In short, most reality shows are set up to use music libraries rather than license actual music. The Hollywood Reporter gracefully broke down how that process works in an interview with former Laguna Beach and The Hills showrunner Adam DiVello, the current showrunner for Selling Sunset. Twenty-ish years ago, when he was working on the MTV shows, the network had it in their licensing agreements with labels that it was allowed to use any song a video was submitted for in the soundtrack of their shows for a minimal fee. As major label groups renegotiated, and indie labels objected because they were getting a lot more money from The OC and Grey’s Anatomy, it became more than the budget of a reality show could bear to license real music. So, the network began creating a music library. And it set the tone for the whole industry: now using libraries that license what’s known as bed music. And as time has gone on, it’s become more and more common for these unknown library artists to get prime placements and long needle drops (industry speak for when a song plays) in reality shows.

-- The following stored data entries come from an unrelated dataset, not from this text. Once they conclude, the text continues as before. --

text \<open>The n-qubit state (sum over l from a^k_t to 2^(n-t)-1 of c_l |l>) tensor |k_(t-1) ... k_0>,
  where a^k_t = k div 2^t and k_(t-1)...k_0 is the binary string of b^k_t = k mod 2^t.
  The basis index of |l> tensor |b> is l * 2^t + b.\<close>
definition tail_state :: "nat \<Rightarrow> nat \<Rightarrow> nat \<Rightarrow> (nat \<Rightarrow> complex) \<Rightarrow> nat \<Rightarrow> complex" where
  "tail_state n t k c = (\<lambda>x. if x < 2^n \<and> x mod 2^t = k mod 2^t \<and> k div 2^t \<le> x div 2^t
                              then c (x div 2^t) else 0)"

definition unitary2 :: "(nat \<Rightarrow> nat \<Rightarrow> complex) \<Rightarrow> bool" where
  "unitary2 u \<longleftrightarrow> (\<forall>i<2. \<forall>j<2. (\<Sum>m<2. cnj (u m i) * u m j) = (if i = j then 1 else 0))"

text \<open>Matrix entries (row y, column x) of the uniformly controlled gate
  A = sum over l < 2^(n-1-s) of |l><l| tensor U_l tensor I^(tensor s) on n qubits.\<close>
definition ucg_matrix :: "nat \<Rightarrow> nat \<Rightarrow> (nat \<Rightarrow> nat \<Rightarrow> nat \<Rightarrow> complex) \<Rightarrow> nat \<Rightarrow> nat \<Rightarrow> complex" where
  "ucg_matrix n s U y x =
     (if y < 2^n \<and> x < 2^n \<and> y div 2^(s+1) = x div 2^(s+1) \<and> y mod 2^s = x mod 2^s
      then U (y div 2^(s+1)) ((y div 2^s) mod 2) ((x div 2^s) mod 2) else 0)"

definition apply_op :: "nat \<Rightarrow> (nat \<Rightarrow> nat \<Rightarrow> complex) \<Rightarrow> (nat \<Rightarrow> complex) \<Rightarrow> nat \<Rightarrow> complex" where
  "apply_op n M \<psi> = (\<lambda>y. \<Sum>x<2^n. M y x * \<psi> x)"

end

theory Submission
  imports Defs
begin

text \<open>On the pair of amplitudes of |\<psi>> that a single controlled rotation U_l touches, only the
  pair whose lower s bits agree with those of k can be nonzero. A Givens rotation moves that
  pair onto the basis vector labelled by the bit k_s, which produces the stated form with one
  more bit of k fixed. Where the pair is already aligned with k_s we take U_l = I; the
  hypothesis on c makes this so for the block containing k itself, and all smaller blocks
  carry no amplitude, so the gate fixes every |i> with i < k.\<close>

definition mat2 :: "complex \<Rightarrow> complex \<Rightarrow> complex \<Rightarrow> complex \<Rightarrow> nat \<Rightarrow> nat \<Rightarrow> complex" where
  "mat2 a b c d = (\<lambda>i j. if i = 0 then (if j = 0 then a else b) else (if j = 0 then c else d))"

definition id2 :: "nat \<Rightarrow> nat \<Rightarrow> complex" where
  "id2 = mat2 1 0 0 1"

text \<open>A unitary sending (\<alpha>, \<beta>) to a multiple of the basis vector |t>; it is the identity when
  the other component already vanishes.\<close>
definition givens :: "complex \<Rightarrow> complex \<Rightarrow> nat \<Rightarrow> nat \<Rightarrow> nat \<Rightarrow> complex" where
  "givens \<alpha> \<beta> t = (let r = complex_of_real (sqrt (cmod \<alpha> ^ 2 + cmod \<beta> ^ 2)) in
     if t = 0 then (if \<beta> = 0 then id2 else mat2 (cnj \<alpha> / r) (cnj \<beta> / r) (- \<beta> / r) (\<alpha> / r))
     else (if \<alpha> = 0 then id2 else mat2 (- \<beta> / r) (\<alpha> / r) (cnj \<alpha> / r) (cnj \<beta> / r)))"

lemma unitary2_mat2_iff:
  "unitary2 (mat2 a b c d) \<longleftrightarrow>
     cnj a * a + cnj c * c = 1 \<and> cnj a * b + cnj c * d = 0 \<and>
     cnj b * a + cnj d * c = 0 \<and> cnj b * b + cnj d * d = 1"
proof -
  have all_less_2: "\<And>P. (\<forall>i<2::nat. P i) \<longleftrightarrow> P 0 \<and> P 1"
    by (auto simp: less_2_cases_iff)
  show ?thesis
    unfolding unitary2_def all_less_2 by (simp add: mat2_def numeral_2_eq_2)
qed

lemma unitary2_id2: "unitary2 id2"
  unfolding id2_def unitary2_mat2_iff by simp

lemma id2_apply: "i < 2 \<Longrightarrow> j < 2 \<Longrightarrow> id2 i j = (if i = j then 1 else 0)"
  by (auto simp: id2_def mat2_def less_2_cases_iff)

lemma cnj_mult_add_cnj_mult_eq_norm_square:
  "cnj \<alpha> * \<alpha> + cnj \<beta> * \<beta> = (complex_of_real (sqrt (cmod \<alpha> ^ 2 + cmod \<beta> ^ 2)))\<^sup>2"
proof -
  have "(complex_of_real (sqrt (cmod \<alpha> ^ 2 + cmod \<beta> ^ 2)))\<^sup>2
        = complex_of_real (cmod \<alpha> ^ 2) + complex_of_real (cmod \<beta> ^ 2)"
    by (simp flip: of_real_power of_real_add)
  also have "\<dots> = cnj \<alpha> * \<alpha> + cnj \<beta> * \<beta>"
    by (simp only: complex_norm_square mult.commute)
  finally show ?thesis by simp
qed

lemma unitary2_givens: "unitary2 (givens \<alpha> \<beta> t)"
proof -
  define r where "r = complex_of_real (sqrt (cmod \<alpha> ^ 2 + cmod \<beta> ^ 2))"
  have r_real: "cnj r = r"
    unfolding r_def by simp
  have r_square: "cnj \<alpha> * \<alpha> + cnj \<beta> * \<beta> = r * r"
    unfolding r_def cnj_mult_add_cnj_mult_eq_norm_square by (simp add: power2_eq_square)
  have r_nonzero: "r \<noteq> 0" if "\<alpha> \<noteq> 0 \<or> \<beta> \<noteq> 0"
    using that unfolding r_def by (auto simp: add_nonneg_eq_0_iff)
  have "unitary2 (mat2 (cnj \<alpha> / r) (cnj \<beta> / r) (- \<beta> / r) (\<alpha> / r))" if "\<beta> \<noteq> 0"
    unfolding unitary2_mat2_iff using r_nonzero that r_real r_square
    by (simp add: field_simps; simp add: algebra_simps)
  moreover have "unitary2 (mat2 (- \<beta> / r) (\<alpha> / r) (cnj \<alpha> / r) (cnj \<beta> / r))" if "\<alpha> \<noteq> 0"
    unfolding unitary2_mat2_iff using r_nonzero that r_real r_square
    by (simp add: field_simps; simp add: algebra_simps)
  ultimately show ?thesis
    by (simp add: givens_def Let_def unitary2_id2 flip: r_def)
qed

lemma givens_annihilates:
  "t < 2 \<Longrightarrow> j < 2 \<Longrightarrow> j \<noteq> t \<Longrightarrow> givens \<alpha> \<beta> t j 0 * \<alpha> + givens \<alpha> \<beta> t j 1 * \<beta> = 0"
  by (auto simp: givens_def Let_def mat2_def id2_def less_2_cases_iff field_simps)

lemma givens_eq_id2_if_snd_zero: "\<beta> = 0 \<Longrightarrow> givens \<alpha> \<beta> 0 = id2"
  by (simp add: givens_def)

lemma givens_eq_id2_if_fst_zero: "t \<noteq> 0 \<Longrightarrow> \<alpha> = 0 \<Longrightarrow> givens \<alpha> \<beta> t = id2"
  by (simp add: givens_def)

definition join_index :: "nat \<Rightarrow> nat \<Rightarrow> nat \<Rightarrow> nat \<Rightarrow> nat" where
  "join_index s l j m = (2 * l + j) * 2^s + m"

lemma div_power_Suc: "(x::nat) div 2^(s+1) = x div 2^s div 2"
  by (simp only: power_Suc2 Suc_eq_plus1[symmetric] div_mult2_eq)

lemma div_power_split: "(x::nat) div 2^s = 2 * (x div 2^(s+1)) + x div 2^s mod 2"
  unfolding div_power_Suc by simp

lemma mod_power_Suc: "(x::nat) mod 2^(s+1) = x div 2^s mod 2 * 2^s + x mod 2^s"
  by (metis mod_mult2_eq mult.commute power_Suc2 Suc_eq_plus1)

lemma join_index_split: "join_index s (x div 2^(s+1)) (x div 2^s mod 2) (x mod 2^s) = x"
proof -
  have "2 * (x div 2^s div 2) + x div 2^s mod 2 = x div 2^s"
    by simp
  then show ?thesis
    unfolding join_index_def div_power_Suc by (metis div_mult_mod_eq)
qed

lemma
  assumes "m < 2^s"
  shows join_index_div: "join_index s l j m div 2^s = 2 * l + j"
    and join_index_mod: "join_index s l j m mod 2^s = m"
  using assms unfolding join_index_def by simp_all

Those extended placements have bands and labels hungry again. Polygon noted that Coldplay got in on the Love Is Blind season 3 action this year, licensing their song “Biutyful” partly because the show does such long needle drops. The Kardashians will license a track from the Billboard Hot 100 from time to time, which has been the blueprint of their reality history from nearly the beginning. But otherwise, we’re getting a bunch of music that’s cheesy on purpose to soundtrack TV that executives like and continue to green light because the production budget is so low.

Musicians lose on all fronts in this scenario. Those library artists who create tracks earn a flat fee for licensing their music, and it can be as low as hundreds of dollars for a use — or even one dollar. If the show airs on cable or network TV, they can collect money from the performing rights organization (PRO) that represents them, with fees in the low thousands, depending on when and on what network it aired and for what duration. But that’s not enough — it’s nowhere near the tens or hundreds of thousands that music licensed through a label or agency would cost. And we have yet to see a career launched from a reality TV show placement. If it’s not creating social cache and delivering anything to the discourse — and we all think it’s kind of dumb — what is the point?

This model is also not doing any favors for working-class musicians. And is it just happening because production companies are being cheap? It’s time to ratchet up the budget, take a chance on some up-and-coming artists, and make some careers.

Some of the artists covered here are Warner Music artists. Uproxx is an independent subsidiary of Warner Music Group.